I’ve been a believer for three days now, this time around. For almost two days before that, a total agnostic. Thirty-six hours of godlessness. I didn’t pray. I didn’t even lift my head. I didn’t want to hear from God. I wasn’t even sure He existed.
I was angry and hurt. Exhausted. Pissed. Something was seething underneath, breaking through like oozing lava, fiery hot and ready to destroy. Cars on the freeway. People in the office. My family and friends. It didn’t matter. Everyone was a target.
And then, as quickly as it came on, it left. God broke through with the words, “You’ve lost heart, my son.”
“What? Lost heart? What are you talking about?”
“Yes, lost heart.”
“Me? When?” But even as I asked it, I knew He was right. He must have known, too, because there was no specific reply, only an invitation to reflect on the previous hours of marked change in my perspective, in my outlook on things.
“What happened, God?
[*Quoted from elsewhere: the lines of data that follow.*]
(* Let $\mathrm{FiF}$ and $\mathrm{OFF}$ be as in the context, serving $q_1,\dots,q_T$ with cache size $k$. For $1\le t\le T$ let $\mathrm{Bel}_t,\mathrm{Off}_t\in\{0,1\}$ be the number of pages fetched by $\mathrm{FiF}$ and by $\mathrm{OFF}$, respectively, when serving $q_t$. Then for every $1\le t\le T$, $$\mathrm{Bel}_t+\Phi(t+1)-\Phi(t)\le \mathrm{Off}_t,$$ and $\Phi(t)\ge 0$ for all $t$. Consequently the total number of fetches of $\mathrm{FiF}$ is at most that of $\mathrm{OFF}$ plus $\Phi(1)$.
   Context: Unweighted paging with a universe $U$ of $n$ pages, cache size $k<n$, and request sequence $q_1,\dots,q_T$. Fix a total order on $U$. For $1\le t\le T+1$, $\mathrm{rank}(\cdot,t)$ is the bijection $U\to\{1,\dots,n\}$ obtained by ordering pages increasingly by the time of their next request in $\{t,\dots,T\}$, with pages not requested in $\{t,\dots,T\}$ placed last, in the fixed order (so $\mathrm{rank}(q_t,t)=1$). $\mathrm{FiF}$ always holds exactly $k$ pages; on a request $q_t$ not in its cache it loads $q_t$ and evicts the page of its cache with the largest $\mathrm{rank}(\cdot,t)$. $\mathrm{OFF}$ is an arbitrary algorithm always holding exactly $k$ pages and containing $q_t$ after serving it. Let $C(t)$, $C^*(t)$ be the caches of $\mathrm{FiF}$ and $\mathrm{OFF}$ just before request $q_t$ is served (for $t=T+1$: after serving $q_T$). Let $n(s,t)=|\{p\in C(t):\mathrm{rank}(p,t)\ge s\}|$, $n^*(s,t)=|\{p\in C^*(t):\mathrm{rank}(p,t)\ge s\}|$, and $\Phi(t)=\max_{1\le s\le n}\big(n(s,t)-n^*(s,t)\big)$. *)

theory Defs
  imports Main "HOL-Library.Cardinality"
begin

text \<open>Pages form a finite linearly ordered type 'a (the universe U, n = CARD('a));
  the linear order of 'a is the fixed total order on U. Requests are q 1, ..., q T.\<close>

definition next_req :: "(nat \<Rightarrow> 'a) \<Rightarrow> nat \<Rightarrow> 'a \<Rightarrow> nat \<Rightarrow> nat" where
  "next_req q T p t =
     (if \<exists>s. t \<le> s \<and> s \<le> T \<and> q s = p
      then (LEAST s. t \<le> s \<and> s \<le> T \<and> q s = p) else T + 1)"

text \<open>rank(p,t): position (1-based) of p when pages are ordered by the time of their next
  request in {t..T}; pages not requested there come last, ordered by the fixed order.\<close>
definition rank :: "(nat \<Rightarrow> 'a::{finite,linorder}) \<Rightarrow> nat \<Rightarrow> 'a \<Rightarrow> nat \<Rightarrow> nat" where
  "rank q T p t = card {p'. next_req q T p' t < next_req q T p t
                        \<or> (next_req q T p' t = next_req q T p t \<and> p' < p)} + 1"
Why?”
“You lost heart because you lost hope.”
I knew it was true. There had been several things that happened at once in my life, several things that seemed to break at the same time. News of friends’ dissolving marriage. A close family member sick. Disappointment. Pain all around. It seemed too much to bear. I couldn’t hold onto all of it. I couldn’t hold onto hope that God would come through in all of it. It felt too easy to kill hope, since it was too painful to hold onto, embrace a kind of cynical despair. I did it without even thinking, and the result could not have been more disastrous.
I was suddenly reminded of the scripture speaking of hope being the springboard for both faith and love (Colossians 1:5). That reflected in my life that day and a half. My walk with God was stunted, even paralyzed. And I could not love well.
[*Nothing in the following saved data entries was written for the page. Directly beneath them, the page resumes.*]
(* Let $u,u'\in R^{\times}$ and $a,a'\in R$. If $1-q\in R^{\times}$ and $\mathrm{Id}_{H_N^q}(\mathcal{B}_{(u,a)})=\mathrm{Id}_{H_N^q}(\mathcal{B}_{(u',a')})$, then $a'=a$.
   Context: $R$ is a commutative unital ring, $N\ge2$, and $q\in R$ a root of the $N$-th cyclotomic polynomial over $\mathbb{Z}$. $H_N^q$ is the Taft Hopf algebra over $R$: generated by $g,x$ with $g^N=1$, $x^N=0$, $xg=qgx$, $\Delta(g)=g\otimes g$, $\Delta(x)=1\otimes x+x\otimes g$, $\varepsilon(g)=1$, $\varepsilon(x)=0$, free over $R$ with basis $\{g^mx^n:0\le m,n<N\}$. For $u\in R^{\times},a\in R$, $\mathcal{B}_{(u,a)}$ is the $R$-algebra generated by $v_g,v_x$ with $v_g^N=u$, $v_x^N=a$, $v_xv_g=qv_gv_x$, a right $H_N^q$-comodule algebra via $v_g\mapsto v_g\otimes g$, $v_x\mapsto1\otimes x+v_x\otimes g$. Let $Z_i^H$ ($i\ge1$) be copies $\{Z_i^h:h\in H_N^q\}$ of the $R$-module $H_N^q$ and $T=T(\bigoplus_iZ_i^H)$ the tensor algebra with coaction $\delta(Z_i^h)=\sum Z_i^{h_1}\otimes h_2$. $P\in T$ is a polynomial $H_N^q$-identity for a right $H_N^q$-comodule algebra $B$ if $f(P)=0$ for all right $H_N^q$-comodule algebra maps $f:T\to B$; $\mathrm{Id}_{H_N^q}(B)$ is the set of these. *)

theory Defs
  imports "HOL-Computational_Algebra.Polynomial"
begin

text \<open>Standard recursive definition: X^n - 1 is the product of the cyclotomic
  polynomials of the divisors of n (n > 0).\<close>

fun cyclotomic :: "nat \<Rightarrow> int poly" where
  "cyclotomic n =
     (if n = 0 then 1
      else (monom 1 n - 1) div (\<Prod>d\<in>{d. d dvd n \<and> d < n}. cyclotomic d))"

declare cyclotomic.simps [simp del]

definition is_cyclotomic_root :: "nat \<Rightarrow> 'a::comm_ring_1 \<Rightarrow> bool" where
  "is_cyclotomic_root N q \<longleftrightarrow> poly (map_poly of_int (cyclotomic N)) q = 0"

text \<open>An element of a free R-module with basis indexed by a finite set I is a
  coefficient function I -> R (required to vanish outside I).  An algebra
  structure is given by structure constants mu i j k = coefficient of b_k in b_i b_j.\<close>

definition supp_in :: "'i set \<Rightarrow> ('i \<Rightarrow> 'a::zero) \<Rightarrow> bool" where
  "supp_in I v \<longleftrightarrow> (\<forall>k. k \<notin> I \<longrightarrow> v k = 0)"

definition bvec :: "'i \<Rightarrow> 'i \<Rightarrow> 'a::zero_neq_one" where
  "bvec i = (\<lambda>k. if k = i then 1 else 0)"

definition amul :: "'i set \<Rightarrow> ('i \<Rightarrow> 'i \<Rightarrow> 'i \<Rightarrow> 'a::comm_ring_1)
                    \<Rightarrow> ('i \<Rightarrow> 'a) \<Rightarrow> ('i \<Rightarrow> 'a) \<Rightarrow> ('i \<Rightarrow> 'a)" where
  "amul I mu v w = (\<lambda>k. \<Sum>i\<in>I. \<Sum>j\<in>I. v i * w j * mu i j k)"

primrec apow :: "'i set \<Rightarrow> ('i \<Rightarrow> 'i \<Rightarrow> 'i \<Rightarrow> 'a::comm_ring_1) \<Rightarrow> 'i
                 \<Rightarrow> ('i \<Rightarrow> 'a) \<Rightarrow> nat \<Rightarrow> ('i \<Rightarrow> 'a)" where
  "apow I mu e v 0 = bvec e"
| "apow I mu e v (Suc n) = amul I mu (apow I mu e v n) v"

definition tmu :: "('i \<Rightarrow> 'i \<Rightarrow> 'i \<Rightarrow> 'a::comm_ring_1) \<Rightarrow> ('j \<Rightarrow> 'j \<Rightarrow> 'j \<Rightarrow> 'a)
                  \<Rightarrow> ('i \<times> 'j) \<Rightarrow> ('i \<times> 'j) \<Rightarrow> ('i \<times> 'j) \<Rightarrow> 'a" where
  "tmu mu1 mu2 = (\<lambda>(i, j) (i', j') (k, l). mu1 i i' k * mu2 j j' l)"

definition tens :: "('i \<Rightarrow> 'a::comm_ring_1) \<Rightarrow> ('j \<Rightarrow> 'a) \<Rightarrow> ('i \<times> 'j \<Rightarrow> 'a)" where
  "tens v w = (\<lambda>(k, l). v k * w l)"

text \<open>Basis index set {g^m x^n : 0 <= m,n < N} (resp. {v_g^m v_x^n}).\<close>

definition BI :: "nat \<Rightarrow> (nat \<times> nat) set" where
  "BI N = {..<N} \<times> {..<N}"

text \<open>Structure constants of the algebra generated by G, X with G^N = u, X^N = a,
  X G = q G X, in the basis G^m X^n (0 <= m,n < N):
  (G^m X^n)(G^k X^l) = q^(n k) G^(m+k) X^(n+l), then reduce G^(m+k) and X^(n+l)
  using G^N = u and X^N = a.\<close>

definition gmu :: "nat \<Rightarrow> 'a::comm_ring_1 \<Rightarrow> 'a \<Rightarrow> 'a
                   \<Rightarrow> nat \<times> nat \<Rightarrow> nat \<times> nat \<Rightarrow> nat \<times> nat \<Rightarrow> 'a" where
  "gmu N q u a = (\<lambda>(m, n) (k, l) (m', n').
      if m' = (m + k) mod N \<and> n' = (n + l) mod N
      then q ^ (n * k) * (if m + k < N then 1 else u) * (if n + l < N then 1 else a)
      else 0)"

text \<open>Taft algebra: g^N = 1, x^N = 0, x g = q g x.\<close>

definition taft_mu :: "nat \<Rightarrow> 'a::comm_ring_1 \<Rightarrow> nat \<times> nat \<Rightarrow> nat \<times> nat \<Rightarrow> nat \<times> nat \<Rightarrow> 'a" where
  "taft_mu N q = gmu N q 1 0"

definition B_mu :: "nat \<Rightarrow> 'a::comm_ring_1 \<Rightarrow> 'a \<Rightarrow> 'a \<Rightarrow> nat \<times> nat \<Rightarrow> nat \<times> nat \<Rightarrow> nat \<times> nat \<Rightarrow> 'a" where
  "B_mu N q u a = gmu N q u a"

abbreviation one_idx :: "nat \<times> nat" where "one_idx \<equiv> (0, 0)"
abbreviation g_idx :: "nat \<times> nat" where "g_idx \<equiv> (1, 0)"
abbreviation x_idx :: "nat \<times> nat" where "x_idx \<equiv> (0, 1)"

text \<open>Comultiplication of H: the algebra map H -> H (x) H with
  Delta(g) = g (x) g and Delta(x) = 1 (x) x + x (x) g, so
  Delta(g^m x^n) = Delta(g)^m Delta(x)^n computed in H (x) H.\<close>

definition taft_Delta :: "nat \<Rightarrow> 'a::comm_ring_1 \<Rightarrow> nat \<times> nat \<Rightarrow> ((nat \<times> nat) \<times> (nat \<times> nat) \<Rightarrow> 'a)" where
  "taft_Delta N q = (\<lambda>(m, n).
     (let I2 = BI N \<times> BI N; mu2 = tmu (taft_mu N q) (taft_mu N q); e2 = (one_idx, one_idx);
          Dg = tens (bvec g_idx) (bvec g_idx);
          Dx = (\<lambda>t. tens (bvec one_idx) (bvec x_idx) t + tens (bvec x_idx) (bvec g_idx) t)
      in amul I2 mu2 (apow I2 mu2 e2 Dg m) (apow I2 mu2 e2 Dx n)))"

text \<open>Coaction of B_(u,a): the algebra map B -> B (x) H with
  v_g |-> v_g (x) g and v_x |-> 1 (x) x + v_x (x) g, so
  rho(v_g^m v_x^n) = rho(v_g)^m rho(v_x)^n computed in B (x) H.\<close>

definition B_rho :: "nat \<Rightarrow> 'a::comm_ring_1 \<Rightarrow> 'a \<Rightarrow> 'a \<Rightarrow> nat \<times> nat \<Rightarrow> ((nat \<times> nat) \<times> (nat \<times> nat) \<Rightarrow> 'a)" where
  "B_rho N q u a = (\<lambda>(m, n).
     (let I2 = BI N \<times> BI N; mu2 = tmu (B_mu N q u a) (taft_mu N q); e2 = (one_idx, one_idx);
          Rg = tens (bvec g_idx) (bvec g_idx);
          Rx = (\<lambda>t. tens (bvec one_idx) (bvec x_idx) t + tens (bvec x_idx) (bvec g_idx) t)
      in amul I2 mu2 (apow I2 mu2 e2 Rg m) (apow I2 mu2 e2 Rx n)))"

definition lin_ext :: "'i set \<Rightarrow> ('i \<Rightarrow> ('k \<Rightarrow> 'a::comm_ring_1)) \<Rightarrow> ('i \<Rightarrow> 'a) \<Rightarrow> ('k \<Rightarrow> 'a)" where
  "lin_ext I f v = (\<lambda>k. \<Sum>i\<in>I. v i * f i k)"

text \<open>An R-linear map phi : H -> B_(u,a), given by its values phi(g^m x^n), is a
  morphism of right H-comodules iff rho_B(phi(h)) = (phi (x) id)(Delta h)
  for all basis vectors h.\<close>

definition B_comodule_map :: "nat \<Rightarrow> 'a::comm_ring_1 \<Rightarrow> 'a \<Rightarrow> 'a
                              \<Rightarrow> (nat \<times> nat \<Rightarrow> (nat \<times> nat \<Rightarrow> 'a)) \<Rightarrow> bool" where
  "B_comodule_map N q u a phi \<longleftrightarrow>
     (\<forall>i\<in>BI N. supp_in (BI N) (phi i)) \<and>
     (\<forall>i\<in>BI N.
        lin_ext (BI N) (B_rho N q u a) (phi i)
        = lin_ext (BI N \<times> BI N) (\<lambda>(j, l). tens (phi j) (bvec l)) (taft_Delta N q i))"

text \<open>T = T(\<Oplus>_i Z_i^H) is the free (noncommutative) R-algebra on the symbols
  Z_i^(g^m x^n) (i a natural number, 0 <= m,n < N), since each Z_i^H is free with
  that basis.  An element is a finitely supported coefficient function on words.\<close>

type_synonym letter = "nat \<times> (nat \<times> nat)"

definition T_elem :: "nat \<Rightarrow> (letter list \<Rightarrow> 'a::zero) \<Rightarrow> bool" where
  "T_elem N P \<longleftrightarrow> finite {w. P w \<noteq> 0} \<and>
     (\<forall>w. P w \<noteq> 0 \<longrightarrow> (\<forall>c\<in>set w. snd c \<in> BI N))"

text \<open>A comodule algebra map f : T -> B is the same as a family (phi_i) of
  comodule maps phi_i : H -> B (f(Z_i^h) = phi_i(h)), extended multiplicatively.\<close>

definition B_eval_word :: "nat \<Rightarrow> 'a::comm_ring_1 \<Rightarrow> 'a \<Rightarrow> 'a
      \<Rightarrow> (nat \<Rightarrow> nat \<times> nat \<Rightarrow> (nat \<times> nat \<Rightarrow> 'a)) \<Rightarrow> letter list \<Rightarrow> (nat \<times> nat \<Rightarrow> 'a)" where
  "B_eval_word N q u a phi w =
     foldl (\<lambda>acc c. amul (BI N) (B_mu N q u a) acc (phi (fst c) (snd c))) (bvec one_idx) w"

definition B_eval :: "nat \<Rightarrow> 'a::comm_ring_1 \<Rightarrow> 'a \<Rightarrow> 'a
      \<Rightarrow> (nat \<Rightarrow> nat \<times> nat \<Rightarrow> (nat \<times> nat \<Rightarrow> 'a)) \<Rightarrow> (letter list \<Rightarrow> 'a) \<Rightarrow> (nat \<times> nat \<Rightarrow> 'a)" where
  "B_eval N q u a phi P =
     (\<lambda>k. \<Sum>w\<in>{w. P w \<noteq> 0}. P w * B_eval_word N q u a phi w k)"

definition Id_B :: "nat \<Rightarrow> 'a::comm_ring_1 \<Rightarrow> 'a \<Rightarrow> 'a \<Rightarrow> (letter list \<Rightarrow> 'a) set" where
  "Id_B N q u a = {P. T_elem N P \<and>
      (\<forall>phi. (\<forall>i. B_comodule_map N q u a (phi i)) \<longrightarrow> B_eval N q u a phi P = (\<lambda>_. 0))}"

end

(*
  Let K = (q^0 - q^1)(q^1 - q^2)...(q^(N-1) - q^0) and let P be the element
  [Z^g, Z^x]^N - K a (Z^1)^N (Z^g)^N of T, all variables taken from Z_0^H.
  Comparing coefficients in the comodule condition shows that a comodule map
  phi : H -> B_(u,a) has phi(1) = c, phi(g) = e v_g and phi(x) = c v_x + d v_g for
  scalars c, d, e. Then phi sends [Z^g, Z^x] to c e (1 - q) v_g v_x, whose N-th power
  is (c e)^N K u a, while (Z^1)^N (Z^g)^N goes to (c e)^N u. Hence P is an identity of
  B_(u,a). If B_(u',a') has the same identities, evaluating P at the identity of the
  common basis (c = e = 1, d = 0) gives K u' (a' - a) = 0. Since q is a root of the
  N-th cyclotomic polynomial, a divisor of X^N - 1, we have q^N = 1, so K is a power
  of q times (1 - q)^N, a unit; hence a' = a.
*)
theory Submission
  imports Defs "HOL-Computational_Algebra.Polynomial_Factorial"
    "HOL-Computational_Algebra.Fundamental_Theorem_Algebra"
begin

section \<open>Cyclotomic polynomials\<close>

lemma map_poly_of_int_diff:
  "map_poly (of_int :: int \<Rightarrow> 'a::comm_ring_1) (p - q) = map_poly of_int p - map_poly of_int q"
  by (rule poly_eqI) (simp add: coeff_map_poly)

lemma map_poly_of_int_mult:
  "map_poly (of_int :: int \<Rightarrow> 'a::comm_ring_1) (p * q) = map_poly of_int p * map_poly of_int q"
  by (rule poly_eqI) (simp add: coeff_map_poly coeff_mult)

lemma map_poly_of_int_prod:
  "map_poly (of_int :: int \<Rightarrow> 'a::comm_ring_1) (\<Prod>i\<in>A. f i) = (\<Prod>i\<in>A. map_poly of_int (f i))"
  by (induction A rule: infinite_finite_induct) (simp_all add: map_poly_of_int_mult)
It’s not an unfamiliar place, I suspect. There are more godless days in my life than I’d like to admit. Less than there used to be, but they are still there. Days when I don’t really expect God to show up. Days I let him off the hook, and plan everything so that if He didn’t show up, I’d still be okay. I wouldn’t expect anything from Him. Most of the friends I’ve spoken with about this recognize it well, too. In fact, searching the Scriptures, I find that the Bible is quick to point out that most friends of God at one time or another crumbled under the weight of a fallen world. Abraham. Moses. Jonah. Elijah. All his disciples. The list goes on. We’re in good company. In His mercy, God is quick to pick us back up, dust us off, and set us again on the road by His side.
But we must learn from the Master how to live well, how to “live a life worthy of the calling we’ve received” (Ephesians 4:1).
That’s why God reminds us constantly not to lose heart. In Hebrews 12:3, for example, we’re told to consider Jesus — think on Him, think of what He endured while on earth — so that we don’t grow weary and lose heart. He endured more than we can imagine. We need to learn from Him how He did it.
For one thing, we are being transformed. It’s not by our good deeds, but by Jesus’ love for us. We are being made into His likeness. All we must do is trust Him enough to make this happen in us (2 Corinthians 3:18, 4:1). Trust that He will come through for us. Trust that He is for us.
When the Golden Gate Bridge was being built, several workers fell to their deaths before it was decided, halfway through the construction to put a safety net underneath the structure. The second half of the work was completed nearly twice as fast as the first half, since the men knew they were safe. Several still fell; no one died.
We are not condemned when we fall. We are free men and women, free in the love and life of our God. Jesus is, in a very literal sense, our safety net. Like He did me just days ago, He will pick us up, dust us off, and set us back again on the Way. He is our light through this world. He lived, more than any other man before or since, He was alive. And His life is our light as well, too, come alive. (see John 1:4).